All patients in our study cohort reported at least one symptom within the GI domain; hence, the prevalence of specific GI-related symptoms was analyzed further. The findings showed 42 patients (70%) reported constipation. Twenty-four patients (40%) experienced nausea or stomach sickness. Six patients (10%) had difficulty swallowing (dysphagia), and five patients (8.33%) complained of excessive drooling of saliva (sialorrhea). This highlighted a high burden of GI dysfunction among the patients, with constipation being the most frequently reported symptom (Figure 2).
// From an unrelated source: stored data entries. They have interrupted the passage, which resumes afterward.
text \<open>Hermite interpolation with i conditions at a and r at b, i + r equal to the dimension,
  is always solvable: in terms of the unit basis the data map is a square matrix M, which
  has trivial kernel by ext_cheb_vanishing and is therefore surjective.\<close>
lemma ext_cheb_hermite_interpolation:
  assumes cheb: "ext_cheb ls {a, b}" "a \<noteq> b" and dim: "i + r = length ls"
  shows "\<exists>f \<in> Espace ls. (\<forall>j<i. nderiv j f a = va j) \<and> (\<forall>j<r. nderiv j f b = vb j)"
proof -
  define N where "N = length ls"
  obtain basis where basis: "\<And>j. basis j \<in> Espace ls"
      "\<And>j h. h < N \<Longrightarrow> nderiv h (basis j) a = (if h = j then 1 else 0)"
    using Espace_unit_basis[of ls a] unfolding N_def by metis
  define data where "data = (\<lambda>h f. if h < i then nderiv h f a else nderiv (h - i) f b)"
  define comb where "comb = (\<lambda>w :: complex vec. \<lambda>x. \<Sum>j<N. w $ j * basis j x)"
  have comb: "comb w \<in> Espace ls" "\<And>h. nderiv h (comb w) = (\<lambda>x. \<Sum>j<N. w $ j * nderiv h (basis j) x)"
    for w
    unfolding comb_def using Espace_sum[of N basis ls "\<lambda>j. w $ j"] basis(1) by auto
  have data_comb: "data h (comb w) = (\<Sum>j<N. w $ j * data h (basis j))" for h w
    by (simp add: data_def comb)
  define M where "M = mat N N (\<lambda>(h, j). data h (basis j))"
  have M: "M \<in> carrier_mat N N" by (simp add: M_def)
  have M_comb: "(M *\<^sub>v w) $ h = data h (comb w)" if "h < N" "w \<in> carrier_vec N" for h w
    using that
    by (simp add: M_def data_comb scalar_prod_def row_def atLeast0LessThan mult.commute)
  have "w = 0\<^sub>v N" if w: "w \<in> carrier_vec N" "M *\<^sub>v w = 0\<^sub>v N" for w
  proof -
    have data_0: "data h (comb w) = 0" if "h < N" for h
      using M_comb[OF that w(1)] w(2) that by simp
    have "nderiv j (comb w) a = 0" if "j < i" for j
      using data_0[of j] that dim N_def by (simp add: data_def)
    moreover have "nderiv j (comb w) b = 0" if "j < r" for j
      using data_0[of "i + j"] that dim N_def by (simp add: data_def)
    ultimately have "comb w = (\<lambda>x. 0)"
      using dim by (intro ext_cheb_vanishing[OF cheb comb(1)[of w], of i r]) auto
    then have "nderiv h (comb w) a = 0" for h by (simp add: nderiv_zero_fun)
    moreover have "nderiv h (comb w) a = w $ h" if "h < N" for h
      using that by (simp add: comb basis(2) if_distrib cong: if_cong)
    ultimately show ?thesis using w(1) by (intro eq_vecI) auto
  qed
  then obtain w where w: "w \<in> carrier_vec N"
      "M *\<^sub>v w = vec N (\<lambda>h. if h < i then va h else vb (h - i))"
    using mat_trivial_kernel_surjective[OF M, of "vec N (\<lambda>h. if h < i then va h else vb (h - i))"]
    by auto
  have data_w: "data h (comb w) = (if h < i then va h else vb (h - i))" if "h < N" for h
    using M_comb[OF that w(1)] w(2) that by simp
  have "nderiv j (comb w) a = va j" if "j < i" for j
    using data_w[of j] that dim N_def by (simp add: data_def)
  moreover have "nderiv j (comb w) b = vb j" if "j < r" for j
    using data_w[of "i + j"] that dim N_def by (simp add: data_def)
  ultimately show ?thesis using comb(1) by blast
qed

section \<open>The Bernstein basis\<close>

lemma zero_order_below: "zero_order p c k \<Longrightarrow> j < k \<Longrightarrow> nderiv j p c = 0"
  by (simp add: zero_order_def)

lemma diffop_single_zero_order:
  assumes "cinf p" "zero_order p c k" "j < k"
  shows "nderiv j (diffop [l] p) c = (if Suc j = k then nderiv k p c else 0)"
proof -
  have "nderiv j (diffop [l] p) c = nderiv (Suc j) p c - l * nderiv j p c"
    by (rule nderiv_diffop_single[OF assms(1)])
  also have "\<dots> = nderiv (Suc j) p c"
    using zero_order_below[OF assms(2,3)] by simp
  also have "\<dots> = (if Suc j = k then nderiv k p c else 0)"
    using assms(3) zero_order_below[OF assms(2), of "Suc j"] by (cases "Suc j = k") auto
  finally show ?thesis .
qed

lemma bern_props:
  assumes cheb: "ext_cheb ls {a, b}" "a \<noteq> b" and len: "length ls = m + 1" and "k \<le> m"
  shows "bern ls a b k \<in> Espace ls \<and> zero_order (bern ls a b k) a k
     \<and> zero_order (bern ls a b k) b (m - k) \<and> nderiv k (bern ls a b k) a = 1"
proof -
  let ?bern = "\<lambda>p. p \<in> Espace ls \<and> zero_order p a k \<and> zero_order p b (m - k) \<and> nderiv k p a = 1"
  obtain p where p: "p \<in> Espace ls" "\<forall>j<Suc k. nderiv j p a = (if j = k then 1 else 0)"
      "\<forall>j<m - k. nderiv j p b = 0"
    using ext_cheb_hermite_interpolation[OF cheb, of "Suc k" "m - k"] len \<open>k \<le> m\<close> by force
  have "nderiv (m - k) p b \<noteq> 0"
  proof
    assume "nderiv (m - k) p b = 0"
    then have "\<forall>j<Suc (m - k). nderiv j p b = 0" using p(3) less_Suc_eq by auto
    then have "p = (\<lambda>x. 0)"
      using p(2) len \<open>k \<le> m\<close> by (intro ext_cheb_vanishing[OF cheb p(1), of k]) auto
    then show False using p(2)[rule_format, of k] by (simp add: nderiv_zero_fun)
  qed
  then have "?bern p" using p by (auto simp: zero_order_def)
  moreover have "q = p" if "?bern q" for q
    using that \<open>?bern p\<close> len
    by (intro ext_cheb_agree[OF cheb, of q p "Suc k" "m - k"]) (auto simp: zero_order_def less_Suc_eq)
  ultimately have "\<exists>!p. ?bern p" by blast
  then have "?bern (THE p. ?bern p)" by (rule theI')
  moreover have "length ls - 1 - k = m - k" using len by simp
  ultimately show ?thesis unfolding bern_def by (simp only:)
qed

section \<open>A Taylor quotient limit\<close>

text \<open>If D 0, D 1, ... is a chain of derivatives with D i b = 0 for i < m, then
  D 0 x / (x - b)^m tends to D m b / m! at b.  By induction on m, each step being one
  application of l'Hopital's rule.\<close>
lemma real_taylor_quotient:
  fixes D :: "nat \<Rightarrow> real \<Rightarrow> real"
  assumes "\<And>i t. DERIV (D i) t :> D (Suc i) t" and "\<And>i. i < m \<Longrightarrow> D i b = 0"
  shows "((\<lambda>x. D 0 x / (x - b) ^ m) \<longlongrightarrow> D m b / fact m) (at b)"
  using assms
proof (induction m arbitrary: D)
  case 0
  then have "isCont (D 0) b" by (intro DERIV_isCont)
  then show ?case by (simp add: isCont_def)
next
  case (Suc m)
  have "((\<lambda>x. D (Suc 0) x / (x - b) ^ m) \<longlongrightarrow> D (Suc m) b / fact m) (at b)"
    using Suc.IH[of "\<lambda>i. D (Suc i)"] Suc.prems by simp
  from tendsto_divide[OF this tendsto_const, of "1 + real m"]
  have quotient_deriv: "((\<lambda>x. D (Suc 0) x / ((1 + real m) * (x - b) ^ m))
      \<longlongrightarrow> D (Suc m) b / fact (Suc m)) (at b)"
    by (simp only: divide_divide_eq_left fact_Suc of_nat_Suc mult.commute[of _ "1 + real m"])
  have "((\<lambda>x. x - b) has_real_derivative 1) (at x)" for x
    by (auto intro!: derivative_eq_intros)
  from DERIV_power_Suc[OF this, of m]
  have denom_deriv: "((\<lambda>x. (x - b) ^ Suc m) has_real_derivative (1 + real m) * (x - b) ^ m) (at x)"
    for x
    by simp
  have "isCont (D 0) b" using Suc.prems(1) by (intro DERIV_isCont)
  then have num_lim: "(D 0 \<longlongrightarrow> 0) (at b)" using Suc.prems(2)[of 0] by (simp add: isCont_def)
  have denom_lim: "((\<lambda>x. (x - b) ^ Suc m) \<longlongrightarrow> 0) (at b)"
    by (auto intro!: tendsto_eq_intros)
  have near: "\<forall>\<^sub>F x in at b. x \<noteq> b" by (simp add: eventually_at_filter)
  then have denom_nz: "\<forall>\<^sub>F x in at b. (x - b) ^ Suc m \<noteq> 0"
    by (rule eventually_mono) simp
  from near have denom_deriv_nz: "\<forall>\<^sub>F x in at b. (1 + real m) * (x - b) ^ m \<noteq> 0"
    by (rule eventually_mono) (simp add: add_nonneg_eq_0_iff)
  show ?case
    by (rule lhopital[OF num_lim denom_lim denom_nz denom_deriv_nz _ _ quotient_deriv];
        intro always_eventually allI Suc.prems(1) denom_deriv)
qed

text \<open>The same for a smooth complex-valued function, via real and imaginary parts.\<close>
lemma cinf_taylor_quotient:
  assumes f: "cinf f" and zero: "\<And>j. j < m \<Longrightarrow> nderiv j f b = 0"
  shows "((\<lambda>x. f x / of_real ((x - b) ^ m)) \<longlongrightarrow> nderiv m f b / of_real (fact m)) (at b)"
proof -
  have "((\<lambda>x. Re (nderiv 0 f x) / (x - b) ^ m) \<longlongrightarrow> Re (nderiv m f b) / fact m) (at b)"
    by (rule real_taylor_quotient[where D = "\<lambda>i t. Re (nderiv i f t)",
              OF has_field_derivative_Re[OF cinf_has_vector_derivative[OF f]]])
       (simp add: zero)
  moreover have "((\<lambda>x. Im (nderiv 0 f x) / (x - b) ^ m) \<longlongrightarrow> Im (nderiv m f b) / fact m) (at b)"
    by (rule real_taylor_quotient[where D = "\<lambda>i t. Im (nderiv i f t)",
              OF has_field_derivative_Im[OF cinf_has_vector_derivative[OF f]]])
       (simp add: zero)
  ultimately show ?thesis
    unfolding tendsto_complex_iff Re_divide_of_real Im_divide_of_real by simp
qed

lemma cinf_quotient_limit:
  assumes f: "cinf f" and g: "cinf g" and zero_f: "\<And>j. j < r \<Longrightarrow> nderiv j f b = 0"
    and zero_g: "\<And>j. j < r \<Longrightarrow> nderiv j g b = 0" and nonzero: "nderiv r g b \<noteq> 0"
  shows "((\<lambda>x. f x / g x) \<longlongrightarrow> nderiv r f b / nderiv r g b) (at b)"
proof -
  let ?scale = "\<lambda>x. of_real ((x - b) ^ r) :: complex"
  have "((\<lambda>x. (f x / ?scale x) / (g x / ?scale x)) \<longlongrightarrow>
      (nderiv r f b / of_real (fact r)) / (nderiv r g b / of_real (fact r))) (at b)"
    by (rule tendsto_divide[OF cinf_taylor_quotient[OF f zero_f] cinf_taylor_quotient[OF g zero_g]])
       (simp_all add: nonzero)
  moreover have "\<forall>\<^sub>F x in at b. (f x / ?scale x) / (g x / ?scale x) = f x / g x"
    by (simp add: eventually_at_filter)
  ultimately show ?thesis
    by (simp add: Lim_transform_eventually)
qed

section \<open>The recurrence\<close>

locale bernstein_pair =
  fixes bl :: "complex list" and l :: complex and n :: nat and a b :: real
  assumes length_bl: "length bl = n" and n_pos: "1 \<le> n" and a_ne_b: "a \<noteq> b"
    and cheb_ls: "ext_cheb (bl @ [l]) {a, b}" and cheb_bl: "ext_cheb bl {a, b}"
begin

abbreviation P :: "nat \<Rightarrow> real \<Rightarrow> complex" where "P \<equiv> bern (bl @ [l]) a b"
abbreviation Q :: "nat \<Rightarrow> real \<Rightarrow> complex" where "Q \<equiv> bern bl a b"

abbreviation q :: "nat \<Rightarrow> real \<Rightarrow> complex" where "q k \<equiv> diffop [l] (P k)"

definition d :: "nat \<Rightarrow> complex" where
  "d k = nderiv (n - k) (P k) b / nderiv (n - 1 - k) (Q k) b"

lemma P_props:
  assumes "k \<le> n"
  shows "P k \<in> Espace (bl @ [l]) \<and> zero_order (P k) a k \<and> zero_order (P k) b (n - k)
    \<and> nderiv k (P k) a = 1"
  using bern_props[OF cheb_ls a_ne_b _ assms] length_bl by simp

lemma Q_props:
  assumes "k \<le> n - 1"
  shows "Q k \<in> Espace bl \<and> zero_order (Q k) a k \<and> zero_order (Q k) b (n - 1 - k)
    \<and> nderiv k (Q k) a = 1"
  using bern_props[OF cheb_bl a_ne_b _ assms] length_bl n_pos by simp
Figure 2. Occurrence of individual symptoms in the GI domain .

Figure 2

Due to the overlap and co-occurrence of symptoms, such as constipation with nausea or difficulty swallowing with excessive salivation, the sum of percentages exceeded 100%. Consequently, the total number of symptom reports was higher than the number of patients (n=60), as individual patients frequently experienced multiple GI symptoms simultaneously.

GI, gastrointestinal

On further analysis, 27 (45%) out of 60 patients had developed at least one NMS prior to the diagnosis of PD. Twenty-three patients (38.3%) experienced only one symptom; four patients (6.67%) experienced two symptoms simultaneously. Constipation coexisted with both anosmia/hyposmia and restless leg syndrome (RLS) in different subsets of patients.

The severity of each NMS contributing to the overall NMS burden was assessed by the mean severity score for each symptom. By averaging the scores of each symptom's overall severity, the burden was calculated. Mean severity scores are the sum of all severity scores for the symptom divided by the number of patients. The severity analysis of NMS in the patient cohort revealed that depression had a mean severity score of 6.22, indicating a relatively high level of impact, while anxiety was slightly lower with a mean score of 4.47. Apathy followed with a score of 3.53. In contrast, psychosis had a notably low mean severity score of 0.93. Similarly, impulse control and related disorders were also low, with a mean score of 1.02. Cognition issues were moderately severe, with a mean score of 5.32, while orthostatic hypotension and urinary problems scored 3.28 and 3.52, respectively. Sexual dysfunction had a very low mean severity score of 0.07. GI issues, however, stood out as the most severe, with a mean score of 7.08. Sleep and wakefulness issues had a mean score of 2.15, while pain was also significant with a score of 6.80. Weight loss showed no reported severity (0.00), and impaired olfaction had a mean score of 4.60. Both physical fatigue and mental fatigue were reported with moderate severity, scoring 4.67 and 4.50, respectively. Finally, excessive sweating, like psychosis, had a low mean severity score of 0.93. These results showed that GI issues, pain, and depression were among the most severe NMS, while sexual dysfunction and psychosis were reported with low severity (Figure 3).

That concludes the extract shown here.